● Entries shown
lemma OPT_2_le_mm2:
  assumes "sorted_wrt (\<ge>) xs" "set xs \<subseteq> {0..1}"
  shows "OPT 2 xs \<le> mm2 xs"
  using assms
proof (induction "length xs" arbitrary: xs rule: less_induct)
  case less
  \<comment> \<open>The first bin zs closed by the algorithm may be moved to the end of the list.\<close>
  have first_bin: "OPT 2 xs \<le> Suc (mm2 ys)"
    if "mset xs = mset (ys @ zs)" "zs \<noteq> []" "length zs \<le> 2" "sum_list zs \<le> 1"
      and "length ys < length xs" "sorted_wrt (\<ge>) ys" "set ys \<subseteq> {0..1}" for ys zs
  proof -
    have "OPT 2 xs = OPT 2 (ys @ zs)"
      using less.prems(2) by (intro OPT_mset_eq[OF that(1)]) auto
    also have "\<dots> \<le> Suc (OPT 2 ys)" using that by (intro OPT_append_bin_le) auto
    also have "\<dots> \<le> Suc (mm2 ys)" using less.hyps that(5-7) by simp
    finally show ?thesis .
  qed
  show ?case
  proof (cases xs)
    case Nil
    then show ?thesis using OPT_le[OF valid_packing_singletons[of 2 "[]"]] by (simp add: mm2_Nil)
  next
    case (Cons a r)
    then have a: "0 \<le> a" "a \<le> 1" and r: "sorted_wrt (\<ge>) r" "set r \<subseteq> {0..1}"
      using less.prems by auto
    note mm2 = mm2_Cons[OF a(2), of r]
    consider "r = []" | "r \<noteq> []" "a + hd r \<le> 1" | "r \<noteq> []" "\<not> a + hd r \<le> 1" "a + last r \<le> 1"
      | "r \<noteq> []" "\<not> a + hd r \<le> 1" "\<not> a + last r \<le> 1" by blast
    then show ?thesis
    proof cases
      case 1
      then show ?thesis using first_bin[of "[]" "[a]"] Cons mm2 a by (simp add: mm2_Nil)
    next
      case 2
      then have "mset xs = mset (tl r @ [a, hd r])" using Cons by (cases r) auto
      then show ?thesis
        using first_bin[of "tl r" "[a, hd r]"] 2 Cons mm2 sorted_wrt_tl_butlast[OF r] by simp
    next
      case 3
      then have "mset r = mset (butlast r @ [last r])" by simp
      then have "mset xs = mset (butlast r @ [a, last r])" using Cons by simp
      then show ?thesis
        using first_bin[of "butlast r" "[a, last r]"] 3 Cons mm2 sorted_wrt_tl_butlast[OF r] by simp
    next
      case 4
      then show ?thesis using first_bin[of r "[a]"] Cons mm2 a r by simp
    qed
  qed
qed

lemma mm2_le_OPT_2:
  assumes "sorted_wrt (\<ge>) xs" "set xs \<subseteq> {0..1}"
  shows "mm2 xs \<le> OPT 2 xs"
  using assms
proof (induction "length xs" arbitrary: xs rule: less_induct)
  case less
  have length_bound: "length xs \<le> 2 * OPT 2 xs" using less.prems(2) by (intro length_le_OPT) auto
  show ?case
  proof (cases xs)
    case Nil
    then show ?thesis by (simp add: mm2_Nil)
  next
    case (Cons a r)
    then have a: "a \<le> 1" and r: "sorted_wrt (\<ge>) r" "set r \<subseteq> {0..1}"
      using less.prems by auto
    note mm2 = mm2_Cons[OF a, of r]
    consider "r = []" | "r \<noteq> []" "a + hd r \<le> 1" | "r \<noteq> []" "\<not> a + hd r \<le> 1" "a + last r \<le> 1"
      | "r \<noteq> []" "\<not> a + hd r \<le> 1" "\<not> a + last r \<le> 1" by blast
    then show ?thesis
    proof cases
      case 1
      then show ?thesis using length_bound Cons mm2 by simp
    next
      case 2
      then obtain b t where "r = b # t" by (cases r) auto
      then have "xs = a # b # t" using Cons by simp
      then have "sorted_wrt (\<lambda>x y. x + y \<le> 1) xs"
        using less.prems(1) 2 \<open>r = b # t\<close> by (simp only:) (rule sorted_wrt_sum_le_if_first_two, simp_all)
      then have "mm2 xs = (length xs + 1) div 2"
        using less.prems(2) by (intro mm2_pairwise_fit) auto
      then show ?thesis using length_bound by linarith
    next
      case 3
      have "mm2 (butlast r) \<le> OPT 2 (butlast r)"
        using less.hyps[of "butlast r"] sorted_wrt_tl_butlast[OF r] Cons by simp
      moreover have "Suc (OPT 2 (butlast r)) \<le> OPT 2 xs"
        using OPT_2_Cons_butlast[of a r] less.prems 3(1) Cons by simp
      ultimately show ?thesis using 3 Cons mm2 by simp
    next
      case 4
      have "\<forall>x\<in>set r. 1 < a + x"
        using sorted_wrt_ge_last[OF r(1)] 4(3) by (meson add_le_cancel_left order_trans not_le)
      then have "Suc (OPT 2 r) \<le> OPT 2 xs"
        using OPT_Cons_alone[of 2 a r] less.prems(2) Cons by simp
      moreover have "mm2 r \<le> OPT 2 r" using less.hyps[of r] r Cons by simp
      ultimately show ?thesis using 4 Cons mm2 by simp
    qed
  qed
qed

lemma mm2_eq_OPT_2:
  "sorted_wrt (\<ge>) xs \<Longrightarrow> set xs \<subseteq> {0..1} \<Longrightarrow> mm2 xs = OPT 2 xs"
  by (intro antisym mm2_le_OPT_2 OPT_2_le_mm2)

theorem theorem7:
  fixes I :: "real list"
  assumes "\<forall>x\<in>set I. 0 < x \<and> x \<le> 1"
  shows "MM 2 I = OPT 2 I"
proof -
  have items: "set (rev (sort I)) \<subseteq> {0..1}" using assms by auto
  have "MM 2 I = OPT 2 (rev (sort I))"
    unfolding MM_def using items by (intro mm2_eq_OPT_2) (simp_all add: sorted_wrt_rev)
  also have "\<dots> = OPT 2 I" using items by (intro OPT_mset_eq) auto
  finally show ?thesis .
qed

end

● Brief
Using the records above, gather all lines where the string "moreover" is present.

● Answer box
      moreover have "Suc (OPT 2 (butlast r)) \<le> OPT 2 xs"
      moreover have "mm2 r \<le> OPT 2 r" using less.hyps[of r] r Cons by simp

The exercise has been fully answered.